Adolescence is when your kid begins to rely on greater warmth, direction, and support from others like their friends or even romantic relationships. As a parent, the gradual shift from being your child’s “best friend” to seeing them distance themselves from you is going to be heartbreaking on your end. Thus, stems a need for you to look for any solution to this problem.


Well, thank the lucky heavens since this blog is made just for that! Let’s start from the beginning, shall we?


Where it All Changed

During puberty, the body's natural development process changes, which is also accompanied by different changes in the brain. Some of these bodily changes are caused by sex hormones produced throughout the body, while others are caused by physical and emotional changes.


Since intuition and critical thinking skills improve, our children realise at their discretion that they have greater duties.

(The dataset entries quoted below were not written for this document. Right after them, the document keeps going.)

(* Let $X \subseteq \mathbb{P}^N$ be an irreducible, nondegenerate variety over an algebraically closed field of characteristic zero, with generic rank $g$ and maximal rank $m$. For $1 \leq k \leq g-1$, $\sigma_k(X) \not\subset W_{2g-k+1}$. In particular, if $m=2g$, then for $1 \leq k \leq g-1$, $\sigma_k(X) \not\subset W_{m-k+1}$.
   Context: For a nondegenerate variety $X\subseteq\mathbb{P}^N$, the rank of a point $p$ is the least $r$ such that $p$ lies in the linear span of some $r$ distinct points of $X$; $W_k$ is the Zariski closure of the set of points of rank exactly $k$ (empty if there are none); $g$ is the rank of a general point and $m$ the maximum rank. The $k$-th secant variety $\sigma_k(X)$ is the closure of the set of points of rank at most $k$. *)

theory Defs
  imports "HOL-Computational_Algebra.Polynomial"
begin

text \<open>Projective space P^N over a field 'a is modelled through affine cones in
  the affine space 'a^('n) of functions 'n \<Rightarrow> 'a, where CARD('n) = N+1.
  A point of P^N is represented by any nonzero vector; a subset of P^N by a cone
  of nonzero vectors (closed under nonzero scaling).\<close>

definition alg_closed_field :: "'a::field itself \<Rightarrow> bool" where
  "alg_closed_field _ \<longleftrightarrow> (\<forall>p :: 'a poly. degree p > 0 \<longrightarrow> (\<exists>x. poly p x = 0))"

inductive_set polyfun :: "(('n \<Rightarrow> 'a::comm_ring_1) \<Rightarrow> 'a) set" where
  pf_const: "(\<lambda>x. c) \<in> polyfun"
| pf_coord: "(\<lambda>x. x i) \<in> polyfun"
| pf_add: "f \<in> polyfun \<Longrightarrow> g \<in> polyfun \<Longrightarrow> (\<lambda>x. f x + g x) \<in> polyfun"
| pf_mult: "f \<in> polyfun \<Longrightarrow> g \<in> polyfun \<Longrightarrow> (\<lambda>x. f x * g x) \<in> polyfun"

definition zariski_closed :: "('n \<Rightarrow> 'a::comm_ring_1) set \<Rightarrow> bool" where
  "zariski_closed A \<longleftrightarrow> (\<exists>F \<subseteq> polyfun. A = {x. \<forall>f\<in>F. f x = 0})"

definition zariski_closure :: "('n \<Rightarrow> 'a::comm_ring_1) set \<Rightarrow> ('n \<Rightarrow> 'a) set" where
  "zariski_closure S = \<Inter>{A. zariski_closed A \<and> S \<subseteq> A}"

text \<open>Closure in P^N of a cone S (given by nonzero vectors).\<close>
definition proj_closure :: "('n \<Rightarrow> 'a::comm_ring_1) set \<Rightarrow> ('n \<Rightarrow> 'a) set" where
  "proj_closure S = zariski_closure S - {(\<lambda>_. 0)}"

definition smult_vec :: "'a::times \<Rightarrow> ('n \<Rightarrow> 'a) \<Rightarrow> ('n \<Rightarrow> 'a)" where
  "smult_vec c x = (\<lambda>i. c * x i)"

definition proj_cone :: "('n \<Rightarrow> 'a::field) set \<Rightarrow> bool" where
  "proj_cone X \<longleftrightarrow> (\<lambda>_. 0) \<notin> X \<and> (\<forall>x\<in>X. \<forall>c. c \<noteq> 0 \<longrightarrow> smult_vec c x \<in> X)"

definition proj_variety :: "('n \<Rightarrow> 'a::field) set \<Rightarrow> bool" where
  "proj_variety X \<longleftrightarrow> proj_cone X \<and> X \<noteq> {} \<and> proj_closure X = X \<and>
     (\<forall>A B. zariski_closed A \<and> zariski_closed B \<and> X \<subseteq> A \<union> B \<longrightarrow> X \<subseteq> A \<or> X \<subseteq> B)"

definition nondegenerate :: "('n::finite \<Rightarrow> 'a::field) set \<Rightarrow> bool" where
  "nondegenerate X \<longleftrightarrow> \<not> (\<exists>a. a \<noteq> (\<lambda>_. 0) \<and> (\<forall>x\<in>X. (\<Sum>i\<in>UNIV. a i * x i) = 0))"

definition lin_span :: "('n \<Rightarrow> 'a::field) set \<Rightarrow> ('n \<Rightarrow> 'a) set" where
  "lin_span S = {v. \<exists>T c. finite T \<and> T \<subseteq> S \<and> v = (\<lambda>i. \<Sum>x\<in>T. c x * x i)}"

definition proj_distinct :: "('n \<Rightarrow> 'a::field) list \<Rightarrow> bool" where
  "proj_distinct xs \<longleftrightarrow> (\<forall>i<length xs. \<forall>j<length xs. i \<noteq> j \<longrightarrow>
      (\<forall>c. xs ! j \<noteq> smult_vec c (xs ! i)))"

definition spanned_by :: "('n \<Rightarrow> 'a::field) set \<Rightarrow> nat \<Rightarrow> ('n \<Rightarrow> 'a) \<Rightarrow> bool" where
  "spanned_by X r v \<longleftrightarrow> (\<exists>xs. length xs = r \<and> set xs \<subseteq> X \<and> proj_distinct xs \<and> v \<in> lin_span (set xs))"

definition X_rank :: "('n \<Rightarrow> 'a::field) set \<Rightarrow> ('n \<Rightarrow> 'a) \<Rightarrow> nat" where
  "X_rank X v = (LEAST r. spanned_by X r v)"

definition W_set :: "('n \<Rightarrow> 'a::field) set \<Rightarrow> nat \<Rightarrow> ('n \<Rightarrow> 'a) set" where
  "W_set X k = proj_closure {v. v \<noteq> (\<lambda>_. 0) \<and> X_rank X v = k}"
lemma min_cut_cost_eq:
  assumes "i \<in> {1..k}"
  shows "Min ((\<lambda>c. (if c < i then B (c + 1) i else B (c + 1) (i + k))
      + (if i \<le> c then B c i else B c (i - k))) ` {1..k}) = min_cut_cost i"
proof -
  have summand: "(if c < i then B (c + 1) i else B (c + 1) (i + k)) + (if i \<le> c then B c i else B c (i - k))
      = cut_cost i (if i \<le> c then c else c + k)" for c
    using periodic[of "c + 1" 1 i] periodic[of c 1 "i - k"] by (simp add: cut_cost_def algebra_simps)
  have window: "(\<lambda>c. if i \<le> c then c else c + k) ` {1..k} = {i..i + k - 1}"
  proof
    show "(\<lambda>c. if i \<le> c then c else c + k) ` {1..k} \<subseteq> {i..i + k - 1}"
      using assms by auto
    show "{i..i + k - 1} \<subseteq> (\<lambda>c. if i \<le> c then c else c + k) ` {1..k}"
    proof
      fix d assume "d \<in> {i..i + k - 1}"
      then show "d \<in> (\<lambda>c. if i \<le> c then c else c + k) ` {1..k}"
        using assms by (intro image_eqI[of _ _ "if d \<le> k then d else d - k"]) auto
    qed
  qed
  show ?thesis
    unfolding min_cut_cost_def window[symmetric] image_image summand ..
qed

end

lemma mono_intI:
  fixes f :: "int \<Rightarrow> 'a::order"
  assumes "\<And>i. f i \<le> f (i + 1)"
  shows "mono f"
proof (rule monoI)
  fix a c :: int assume "a \<le> c"
  then show "f a \<le> f c"
    by (induction c rule: int_ge_induct) (auto intro: order_trans assms)
qed

lemma mono_in_closed_segment:
  fixes f :: "int \<Rightarrow> real"
  assumes "mono f" "min a c \<le> b" "b \<le> max a c"
  shows "f b \<in> closed_segment (f a) (f c)"
  using assms monoD[OF \<open>mono f\<close>, of a b] monoD[OF \<open>mono f\<close>, of b c]
    monoD[OF \<open>mono f\<close>, of c b] monoD[OF \<open>mono f\<close>, of b a]
  by (cases "a \<le> c") (auto simp: closed_segment_eq_real_ivl)

lemma interleaved_minima_mono:
  fixes xm xM :: "int \<Rightarrow> real" and k :: int
  assumes "1 \<le> k" "xM 0 = 0" "xM k = 1"
    and order: "\<forall>i\<in>{1..k}. xM (i - 1) < xm i \<and> xm i < xM i"
    and per_m: "\<forall>i l. xm (i + l * k) = xm i + of_int l"
  shows "mono xm"
proof (rule mono_intI)
  have step: "xm r \<le> xm (r + 1)" if "r \<in> {1..k}" for r
  proof (cases "r = k")
    case True
    have "xm k < xM k" "xM 0 < xm 1"
      using order[rule_format, of k] order[rule_format, of 1] \<open>1 \<le> k\<close> by auto
    moreover have "xm (1 + k) = xm 1 + 1"
      using per_m[rule_format, of 1 1] by simp
    ultimately show ?thesis using True \<open>xM 0 = 0\<close> \<open>xM k = 1\<close> by (simp add: add.commute)
  next
    case False
    then have "xm r < xM r" "xM r < xm (r + 1)"
      using order[rule_format, of r] order[rule_format, of "r + 1"] that by auto
    then show ?thesis by simp
  qed
  fix i :: int
  define r where "r = (i - 1) mod k + 1"
  define l where "l = (i - 1) div k"
  have i: "i = r + l * k"
    unfolding r_def l_def by (simp add: algebra_simps)
  have "0 \<le> (i - 1) mod k" "(i - 1) mod k < k"
    using \<open>1 \<le> k\<close> by simp_all
  then have "r \<in> {1..k}"
    unfolding r_def by simp
  have "xm (i + 1) = xm ((r + 1) + l * k)"
    using i by (simp add: algebra_simps)
  also have "\<dots> = xm (r + 1) + l"
    by (rule per_m[rule_format])
  finally show "xm i \<le> xm (i + 1)"
    using step[OF \<open>r \<in> {1..k}\<close>] per_m[rule_format, of r l] i by simp
qed
(* Let $I\subseteq\mathbb{R}_-$ be a nonempty interval containing $0$ and let $f\colon I^n\to\mathbb{R}$. The following are equivalent: (i) $f$ is comonotonically modular; (ii) $f$ is invariant under horizontal max-differences; (iii) there exists $g\colon I^n\to\mathbb{R}$ such that for every $\sigma\in S_n$ and every $\mathbf{x}\in I^n_\sigma$, $$f(\mathbf{x})=g(\mathbf{0})+\sum_{i\in[n]}\Big(g\big(x_{\sigma(i)}\mathbf{1}_{A^\downarrow_\sigma(i)}\big)-g\big(x_{\sigma(i)}\mathbf{1}_{A^\downarrow_\sigma(i-1)}\big)\Big).$$ Moreover, in this case one can take $g=f$ in (iii).
   Context: Notation: $[n]=\{1,\ldots,n\}$; $S_n$ is the set of permutations of $[n]$; $\mathbf{1}_A$ is the indicator tuple of $A\subseteq[n]$, $\mathbf{0}=\mathbf{1}_\varnothing$. For $\sigma\in S_n$, $\mathbb{R}^n_\sigma=\{\mathbf{x}: x_{\sigma(1)}\leq\cdots\leq x_{\sigma(n)}\}$, $I^n_\sigma=I^n\cap\mathbb{R}^n_\sigma$, $A^\downarrow_\sigma(i)=\{\sigma(1),\ldots,\sigma(i)\}$, $A^\downarrow_\sigma(0)=\varnothing$. $\wedge,\vee$ denote componentwise min and max; $\mathbf{x}\vee c$ is the tuple with components $\max(x_i,c)$. Two tuples $\mathbf{x},\mathbf{x}'\in I^n$ are comonotonic if $\mathbf{x},\mathbf{x}'\in I^n_\sigma$ for some $\sigma\in S_n$. A function $f\colon I^n\to\mathbb{R}$ is comonotonically modular if $f(\mathbf{x})+f(\mathbf{x}')=f(\mathbf{x}\wedge\mathbf{x}')+f(\mathbf{x}\vee\mathbf{x}')$ for all comonotonic $\mathbf{x},\mathbf{x}'\in I^n$. For $c\leq 0$, $[\mathbf{x}]^c$ is the tuple whose $i$th component is $0$ if $x_i\geq c$ and $x_i$ otherwise. For $I\subseteq\mathbb{R}_-$, $f$ is invariant under horizontal max-differences if $f(\mathbf{x})-f(\mathbf{x}\vee c)=f([\mathbf{x}]^c)-f([\mathbf{x}]^c\vee c)$ for all $\mathbf{x}\in I^n$, $c\in I$. *)

theory Defs
  imports "HOL-Analysis.Analysis"
begin

text \<open>n-tuples are functions on the index set {1..n}, extensional (undefined outside).\<close>

definition cube :: "real set \<Rightarrow> nat \<Rightarrow> (nat \<Rightarrow> real) set" where
  "cube I n = ({1..n} \<rightarrow>\<^sub>E I)"

definition in_sector :: "nat \<Rightarrow> (nat \<Rightarrow> nat) \<Rightarrow> (nat \<Rightarrow> real) \<Rightarrow> bool" where
  "in_sector n \<sigma> x = (\<forall>i j. 1 \<le> i \<and> i \<le> j \<and> j \<le> n \<longrightarrow> x (\<sigma> i) \<le> x (\<sigma> j))"

definition comonotonic :: "real set \<Rightarrow> nat \<Rightarrow> (nat \<Rightarrow> real) \<Rightarrow> (nat \<Rightarrow> real) \<Rightarrow> bool" where
  "comonotonic I n x x' = (x \<in> cube I n \<and> x' \<in> cube I n \<and>
     (\<exists>\<sigma>. \<sigma> permutes {1..n} \<and> in_sector n \<sigma> x \<and> in_sector n \<sigma> x'))"

definition vmin :: "nat \<Rightarrow> (nat \<Rightarrow> real) \<Rightarrow> (nat \<Rightarrow> real) \<Rightarrow> (nat \<Rightarrow> real)" where
  "vmin n x y = restrict (\<lambda>i. min (x i) (y i)) {1..n}"

definition vmax :: "nat \<Rightarrow> (nat \<Rightarrow> real) \<Rightarrow> (nat \<Rightarrow> real) \<Rightarrow> (nat \<Rightarrow> real)" where
  "vmax n x y = restrict (\<lambda>i. max (x i) (y i)) {1..n}"

definition vmaxc :: "nat \<Rightarrow> (nat \<Rightarrow> real) \<Rightarrow> real \<Rightarrow> (nat \<Rightarrow> real)" where
  "vmaxc n x c = restrict (\<lambda>i. max (x i) c) {1..n}"

definition cutc :: "nat \<Rightarrow> real \<Rightarrow> (nat \<Rightarrow> real) \<Rightarrow> (nat \<Rightarrow> real)" where
  "cutc n c x = restrict (\<lambda>i. if x i \<ge> c then 0 else x i) {1..n}"

definition ind :: "nat \<Rightarrow> nat set \<Rightarrow> (nat \<Rightarrow> real)" where
  "ind n A = restrict (\<lambda>i. if i \<in> A then 1 else 0) {1..n}"

definition smul :: "nat \<Rightarrow> real \<Rightarrow> (nat \<Rightarrow> real) \<Rightarrow> (nat \<Rightarrow> real)" where
  "smul n c x = restrict (\<lambda>i. c * x i) {1..n}"

definition Adown :: "(nat \<Rightarrow> nat) \<Rightarrow> nat \<Rightarrow> nat set" where
  "Adown \<sigma> i = \<sigma> ` {1..i}"

definition comonotonically_modular :: "real set \<Rightarrow> nat \<Rightarrow> ((nat \<Rightarrow> real) \<Rightarrow> real) \<Rightarrow> bool" where
  "comonotonically_modular I n f = (\<forall>x x'. comonotonic I n x x' \<longrightarrow>
      f x + f x' = f (vmin n x x') + f (vmax n x x'))"

definition invariant_hmd :: "real set \<Rightarrow> nat \<Rightarrow> ((nat \<Rightarrow> real) \<Rightarrow> real) \<Rightarrow> bool" where
  "invariant_hmd I n f = (\<forall>x \<in> cube I n. \<forall>c \<in> I.
      f x - f (vmaxc n x c) = f (cutc n c x) - f (vmaxc n (cutc n c x) c))"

As a result, they yearn for independence and have the need to solve problems on their own. They begin to appreciate their thoughts and actions. Teens also begin to dream about the future (e.g. college, career, and marriage). These feelings frequently accumulate and produce problems for the teenager, who will then attempt to deal with these issues without assistance from us – the parents.


The Dynamic Connection Between Our Parents

Now in the 21st century and being parents ourselves, the relationship between a parent and a child during their teenage years still remains a 'parent vs teenager' one. These are formative years in their lives, and they need to know that we are there for them and are willing to recognize that they have a young adult who needs their respect and advice. What happens if we still view our teenagers as opponents when things go 'wrong'?


Thoughts of it being the child's fault.

Parents can't help but think "How could this have happened, how dare she do something like this"; "What will people say"; "This is not how we have raised you"; "You are ruining our family name." and the list goes on.


These thoughts elicit feelings of rage, disbelief, and even humiliation and remorse.

And then, making rash decisions based on these feelings and emotions, exerting the need to “put them in their place” through punishments like gadget confiscations, grounding, and limits.


This type of “thinking” often leads to straining the parent-child relationship, leaving behind an angry parent and a defenceless teenager.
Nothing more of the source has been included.